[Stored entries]
· · · ·
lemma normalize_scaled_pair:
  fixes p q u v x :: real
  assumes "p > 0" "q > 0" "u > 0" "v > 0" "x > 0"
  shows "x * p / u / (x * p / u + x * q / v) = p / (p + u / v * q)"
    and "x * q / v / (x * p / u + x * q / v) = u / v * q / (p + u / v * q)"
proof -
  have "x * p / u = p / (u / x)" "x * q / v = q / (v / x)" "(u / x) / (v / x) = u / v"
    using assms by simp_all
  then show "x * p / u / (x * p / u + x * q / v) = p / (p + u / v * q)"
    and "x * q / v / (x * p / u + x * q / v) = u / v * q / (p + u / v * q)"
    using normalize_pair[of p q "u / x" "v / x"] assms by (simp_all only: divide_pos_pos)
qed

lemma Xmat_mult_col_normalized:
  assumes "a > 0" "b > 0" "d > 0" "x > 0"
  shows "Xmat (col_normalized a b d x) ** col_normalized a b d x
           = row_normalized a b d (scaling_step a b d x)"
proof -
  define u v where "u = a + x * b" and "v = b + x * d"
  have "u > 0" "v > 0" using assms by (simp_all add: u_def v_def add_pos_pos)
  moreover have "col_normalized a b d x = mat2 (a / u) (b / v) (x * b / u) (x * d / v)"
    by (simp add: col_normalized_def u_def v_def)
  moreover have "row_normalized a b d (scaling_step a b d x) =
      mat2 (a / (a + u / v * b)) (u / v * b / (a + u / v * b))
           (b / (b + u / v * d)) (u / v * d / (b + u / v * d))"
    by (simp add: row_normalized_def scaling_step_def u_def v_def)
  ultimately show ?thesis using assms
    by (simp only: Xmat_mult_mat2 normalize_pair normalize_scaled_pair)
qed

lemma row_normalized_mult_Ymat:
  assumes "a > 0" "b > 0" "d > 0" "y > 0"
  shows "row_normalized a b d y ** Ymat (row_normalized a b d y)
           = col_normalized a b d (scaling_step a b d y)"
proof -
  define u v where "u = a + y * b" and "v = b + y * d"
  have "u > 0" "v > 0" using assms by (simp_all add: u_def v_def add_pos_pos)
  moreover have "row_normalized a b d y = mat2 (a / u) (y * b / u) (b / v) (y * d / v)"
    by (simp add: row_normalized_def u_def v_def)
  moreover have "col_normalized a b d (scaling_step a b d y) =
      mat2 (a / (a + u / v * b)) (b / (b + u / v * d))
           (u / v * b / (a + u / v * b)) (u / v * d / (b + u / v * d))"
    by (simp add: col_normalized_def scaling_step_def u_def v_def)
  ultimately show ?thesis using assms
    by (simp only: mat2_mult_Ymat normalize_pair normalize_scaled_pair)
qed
· · · ·
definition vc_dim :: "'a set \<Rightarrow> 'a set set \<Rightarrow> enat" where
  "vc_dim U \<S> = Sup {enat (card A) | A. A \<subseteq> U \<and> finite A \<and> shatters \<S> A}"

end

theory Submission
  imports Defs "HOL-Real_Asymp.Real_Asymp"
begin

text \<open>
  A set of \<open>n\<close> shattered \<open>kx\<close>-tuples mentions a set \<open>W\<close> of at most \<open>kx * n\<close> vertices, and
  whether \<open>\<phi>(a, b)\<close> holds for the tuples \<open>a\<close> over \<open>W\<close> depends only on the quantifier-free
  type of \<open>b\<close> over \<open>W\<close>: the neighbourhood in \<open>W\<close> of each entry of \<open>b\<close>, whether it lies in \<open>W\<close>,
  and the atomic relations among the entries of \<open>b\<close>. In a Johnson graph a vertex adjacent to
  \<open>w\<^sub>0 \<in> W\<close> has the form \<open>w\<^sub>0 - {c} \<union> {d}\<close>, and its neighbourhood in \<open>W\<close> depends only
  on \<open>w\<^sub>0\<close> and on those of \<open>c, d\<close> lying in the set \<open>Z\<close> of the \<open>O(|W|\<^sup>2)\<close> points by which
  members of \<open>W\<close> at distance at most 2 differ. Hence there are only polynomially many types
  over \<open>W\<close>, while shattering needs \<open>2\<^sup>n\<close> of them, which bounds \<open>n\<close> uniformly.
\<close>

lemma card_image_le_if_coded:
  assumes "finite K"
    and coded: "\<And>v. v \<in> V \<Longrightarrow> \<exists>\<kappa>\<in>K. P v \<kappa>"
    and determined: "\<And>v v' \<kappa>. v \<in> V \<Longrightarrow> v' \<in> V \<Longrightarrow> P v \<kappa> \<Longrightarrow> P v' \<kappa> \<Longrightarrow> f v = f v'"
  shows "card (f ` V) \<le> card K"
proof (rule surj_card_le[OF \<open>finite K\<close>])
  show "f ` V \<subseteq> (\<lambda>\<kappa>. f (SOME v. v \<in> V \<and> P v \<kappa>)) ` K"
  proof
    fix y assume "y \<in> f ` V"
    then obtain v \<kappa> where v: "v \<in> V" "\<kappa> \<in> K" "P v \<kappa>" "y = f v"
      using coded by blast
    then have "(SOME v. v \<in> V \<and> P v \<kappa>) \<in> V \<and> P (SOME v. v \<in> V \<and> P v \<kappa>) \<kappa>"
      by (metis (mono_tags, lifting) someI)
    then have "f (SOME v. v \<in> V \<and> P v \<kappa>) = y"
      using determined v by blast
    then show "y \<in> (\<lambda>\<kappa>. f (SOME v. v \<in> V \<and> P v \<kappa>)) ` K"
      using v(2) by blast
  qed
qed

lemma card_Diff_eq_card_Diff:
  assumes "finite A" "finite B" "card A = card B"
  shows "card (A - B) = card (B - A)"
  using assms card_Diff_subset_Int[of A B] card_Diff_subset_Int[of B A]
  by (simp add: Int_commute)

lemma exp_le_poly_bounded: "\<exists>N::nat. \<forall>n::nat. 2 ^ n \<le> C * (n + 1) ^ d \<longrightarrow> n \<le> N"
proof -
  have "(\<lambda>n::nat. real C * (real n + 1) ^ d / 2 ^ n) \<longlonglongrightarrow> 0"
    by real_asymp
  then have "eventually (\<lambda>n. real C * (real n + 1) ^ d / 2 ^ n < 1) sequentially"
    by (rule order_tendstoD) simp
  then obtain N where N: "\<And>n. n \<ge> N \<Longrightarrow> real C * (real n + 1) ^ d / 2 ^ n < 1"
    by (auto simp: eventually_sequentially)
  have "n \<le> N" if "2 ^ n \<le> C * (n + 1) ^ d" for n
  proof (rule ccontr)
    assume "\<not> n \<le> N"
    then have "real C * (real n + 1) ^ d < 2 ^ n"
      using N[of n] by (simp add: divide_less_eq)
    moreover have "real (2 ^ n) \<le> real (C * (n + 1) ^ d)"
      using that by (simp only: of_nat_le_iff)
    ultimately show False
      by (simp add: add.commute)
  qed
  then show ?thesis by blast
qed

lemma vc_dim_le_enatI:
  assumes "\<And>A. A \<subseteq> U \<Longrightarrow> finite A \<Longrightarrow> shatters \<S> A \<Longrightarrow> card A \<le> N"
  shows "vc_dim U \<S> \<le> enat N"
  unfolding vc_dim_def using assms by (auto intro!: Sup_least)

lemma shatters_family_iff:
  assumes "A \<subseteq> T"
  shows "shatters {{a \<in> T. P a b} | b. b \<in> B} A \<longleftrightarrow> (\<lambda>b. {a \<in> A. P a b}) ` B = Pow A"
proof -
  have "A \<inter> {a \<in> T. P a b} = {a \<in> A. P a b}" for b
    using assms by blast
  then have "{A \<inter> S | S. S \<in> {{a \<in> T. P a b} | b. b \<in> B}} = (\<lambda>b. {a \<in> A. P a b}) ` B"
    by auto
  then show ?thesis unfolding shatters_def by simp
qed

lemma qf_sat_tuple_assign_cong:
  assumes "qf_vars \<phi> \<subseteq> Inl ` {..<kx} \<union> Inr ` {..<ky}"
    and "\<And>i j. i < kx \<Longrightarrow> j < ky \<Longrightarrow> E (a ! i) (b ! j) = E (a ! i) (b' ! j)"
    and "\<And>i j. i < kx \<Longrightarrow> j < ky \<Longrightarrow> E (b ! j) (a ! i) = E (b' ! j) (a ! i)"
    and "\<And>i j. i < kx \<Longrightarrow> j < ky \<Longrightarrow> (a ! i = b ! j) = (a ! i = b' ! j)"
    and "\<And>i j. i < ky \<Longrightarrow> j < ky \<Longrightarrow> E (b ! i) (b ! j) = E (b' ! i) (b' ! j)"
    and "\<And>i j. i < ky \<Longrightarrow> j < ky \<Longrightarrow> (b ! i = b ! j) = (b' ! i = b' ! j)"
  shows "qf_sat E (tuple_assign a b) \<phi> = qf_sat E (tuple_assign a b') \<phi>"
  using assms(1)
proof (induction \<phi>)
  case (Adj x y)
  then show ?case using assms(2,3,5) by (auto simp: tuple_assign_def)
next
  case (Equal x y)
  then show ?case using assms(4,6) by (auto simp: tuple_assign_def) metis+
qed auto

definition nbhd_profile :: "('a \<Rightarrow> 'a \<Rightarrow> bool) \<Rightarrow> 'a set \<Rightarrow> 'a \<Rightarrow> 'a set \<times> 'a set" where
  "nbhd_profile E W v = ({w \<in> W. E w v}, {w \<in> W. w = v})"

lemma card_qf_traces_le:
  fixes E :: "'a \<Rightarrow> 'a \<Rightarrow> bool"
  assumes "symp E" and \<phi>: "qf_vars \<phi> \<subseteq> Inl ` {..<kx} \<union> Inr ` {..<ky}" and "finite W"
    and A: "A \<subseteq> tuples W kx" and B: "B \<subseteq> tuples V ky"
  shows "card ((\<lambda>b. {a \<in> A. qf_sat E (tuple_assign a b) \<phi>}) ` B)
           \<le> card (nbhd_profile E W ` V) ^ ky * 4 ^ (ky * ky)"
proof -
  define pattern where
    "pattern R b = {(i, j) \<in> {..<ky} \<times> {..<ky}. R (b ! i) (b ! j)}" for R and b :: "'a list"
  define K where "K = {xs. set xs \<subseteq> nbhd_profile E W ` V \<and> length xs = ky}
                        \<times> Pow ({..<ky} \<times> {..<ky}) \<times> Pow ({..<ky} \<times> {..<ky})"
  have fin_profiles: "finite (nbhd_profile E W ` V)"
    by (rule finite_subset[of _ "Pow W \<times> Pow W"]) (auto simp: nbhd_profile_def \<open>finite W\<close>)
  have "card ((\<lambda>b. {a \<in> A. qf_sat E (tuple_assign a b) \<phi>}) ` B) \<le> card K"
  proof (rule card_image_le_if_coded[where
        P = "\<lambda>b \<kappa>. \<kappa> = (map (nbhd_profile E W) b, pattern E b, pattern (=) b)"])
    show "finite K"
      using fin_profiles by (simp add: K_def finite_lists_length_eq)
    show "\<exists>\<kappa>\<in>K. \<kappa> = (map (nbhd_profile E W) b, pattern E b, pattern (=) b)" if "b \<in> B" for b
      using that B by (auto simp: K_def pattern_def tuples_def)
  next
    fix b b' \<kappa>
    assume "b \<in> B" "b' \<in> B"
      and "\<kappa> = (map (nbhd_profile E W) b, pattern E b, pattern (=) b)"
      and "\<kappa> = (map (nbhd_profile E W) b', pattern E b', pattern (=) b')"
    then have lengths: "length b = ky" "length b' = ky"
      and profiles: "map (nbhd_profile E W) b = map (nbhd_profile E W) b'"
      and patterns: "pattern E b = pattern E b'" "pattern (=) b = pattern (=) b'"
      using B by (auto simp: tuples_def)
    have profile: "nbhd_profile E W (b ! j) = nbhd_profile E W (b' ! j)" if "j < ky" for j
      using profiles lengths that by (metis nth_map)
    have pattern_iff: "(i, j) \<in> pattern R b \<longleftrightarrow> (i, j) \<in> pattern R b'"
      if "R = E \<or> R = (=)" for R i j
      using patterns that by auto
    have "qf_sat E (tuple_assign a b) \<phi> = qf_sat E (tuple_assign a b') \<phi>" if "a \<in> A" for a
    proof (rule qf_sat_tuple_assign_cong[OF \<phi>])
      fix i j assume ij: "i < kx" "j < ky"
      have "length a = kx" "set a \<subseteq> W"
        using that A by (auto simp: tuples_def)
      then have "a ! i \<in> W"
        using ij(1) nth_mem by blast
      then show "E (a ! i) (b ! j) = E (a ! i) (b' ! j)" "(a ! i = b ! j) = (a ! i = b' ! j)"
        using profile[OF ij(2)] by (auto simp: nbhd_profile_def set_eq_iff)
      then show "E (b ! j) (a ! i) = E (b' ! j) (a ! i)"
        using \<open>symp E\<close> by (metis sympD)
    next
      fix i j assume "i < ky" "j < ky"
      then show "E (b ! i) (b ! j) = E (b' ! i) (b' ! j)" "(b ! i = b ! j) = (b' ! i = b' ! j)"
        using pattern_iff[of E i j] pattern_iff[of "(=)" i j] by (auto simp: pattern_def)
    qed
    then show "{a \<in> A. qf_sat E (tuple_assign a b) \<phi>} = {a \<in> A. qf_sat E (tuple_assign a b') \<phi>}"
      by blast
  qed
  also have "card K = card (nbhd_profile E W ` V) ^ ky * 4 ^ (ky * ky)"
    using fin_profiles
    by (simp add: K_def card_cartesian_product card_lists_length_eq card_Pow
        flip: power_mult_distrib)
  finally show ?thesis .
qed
· · · ·
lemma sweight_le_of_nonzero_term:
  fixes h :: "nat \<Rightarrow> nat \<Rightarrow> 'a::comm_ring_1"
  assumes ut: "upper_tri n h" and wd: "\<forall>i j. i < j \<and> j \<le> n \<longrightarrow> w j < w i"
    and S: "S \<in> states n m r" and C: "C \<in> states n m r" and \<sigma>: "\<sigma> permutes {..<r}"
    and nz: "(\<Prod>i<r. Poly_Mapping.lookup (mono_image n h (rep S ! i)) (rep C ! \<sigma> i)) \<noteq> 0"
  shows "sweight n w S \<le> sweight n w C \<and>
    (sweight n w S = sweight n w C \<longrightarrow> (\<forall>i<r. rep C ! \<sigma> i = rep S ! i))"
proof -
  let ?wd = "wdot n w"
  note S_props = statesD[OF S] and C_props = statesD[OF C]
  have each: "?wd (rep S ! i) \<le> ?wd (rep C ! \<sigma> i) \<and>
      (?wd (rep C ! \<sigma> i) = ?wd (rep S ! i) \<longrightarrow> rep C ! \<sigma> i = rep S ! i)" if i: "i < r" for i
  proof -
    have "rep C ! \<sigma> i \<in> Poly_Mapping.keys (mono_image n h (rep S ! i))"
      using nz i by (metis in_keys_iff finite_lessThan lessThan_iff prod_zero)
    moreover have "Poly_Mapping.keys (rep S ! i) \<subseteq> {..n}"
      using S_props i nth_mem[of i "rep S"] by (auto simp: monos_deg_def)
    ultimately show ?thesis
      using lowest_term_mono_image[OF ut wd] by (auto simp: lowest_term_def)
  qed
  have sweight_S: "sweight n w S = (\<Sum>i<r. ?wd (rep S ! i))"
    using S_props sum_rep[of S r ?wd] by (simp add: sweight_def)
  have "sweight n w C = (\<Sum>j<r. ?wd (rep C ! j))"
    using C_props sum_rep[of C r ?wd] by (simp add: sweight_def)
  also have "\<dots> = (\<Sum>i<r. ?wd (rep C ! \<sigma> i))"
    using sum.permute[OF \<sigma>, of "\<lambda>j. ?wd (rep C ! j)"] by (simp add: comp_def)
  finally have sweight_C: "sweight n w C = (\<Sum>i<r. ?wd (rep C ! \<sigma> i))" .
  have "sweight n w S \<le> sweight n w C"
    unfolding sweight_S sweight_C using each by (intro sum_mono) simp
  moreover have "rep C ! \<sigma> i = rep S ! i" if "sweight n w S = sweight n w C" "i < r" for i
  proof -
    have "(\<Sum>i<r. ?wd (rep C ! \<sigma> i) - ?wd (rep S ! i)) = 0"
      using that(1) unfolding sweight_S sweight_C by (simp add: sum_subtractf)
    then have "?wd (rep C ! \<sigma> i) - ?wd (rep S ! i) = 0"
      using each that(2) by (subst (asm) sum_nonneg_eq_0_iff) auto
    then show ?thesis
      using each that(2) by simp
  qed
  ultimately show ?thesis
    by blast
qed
· · · ·
Extract exactly and only the lines above from the line containing "C ! \<sigma> i) \<and>" through the line containing "S ! i) \<subseteq>", both end lines included.

Task solution:
  have each: "?wd (rep S ! i) \<le> ?wd (rep C ! \<sigma> i) \<and>
      (?wd (rep C ! \<sigma> i) = ?wd (rep S ! i) \<longrightarrow> rep C ! \<sigma> i = rep S ! i)" if i: "i < r" for i
  proof -
    have "rep C ! \<sigma> i \<in> Poly_Mapping.keys (mono_image n h (rep S ! i))"
      using nz i by (metis in_keys_iff finite_lessThan lessThan_iff prod_zero)
    moreover have "Poly_Mapping.keys (rep S ! i) \<subseteq> {..n}"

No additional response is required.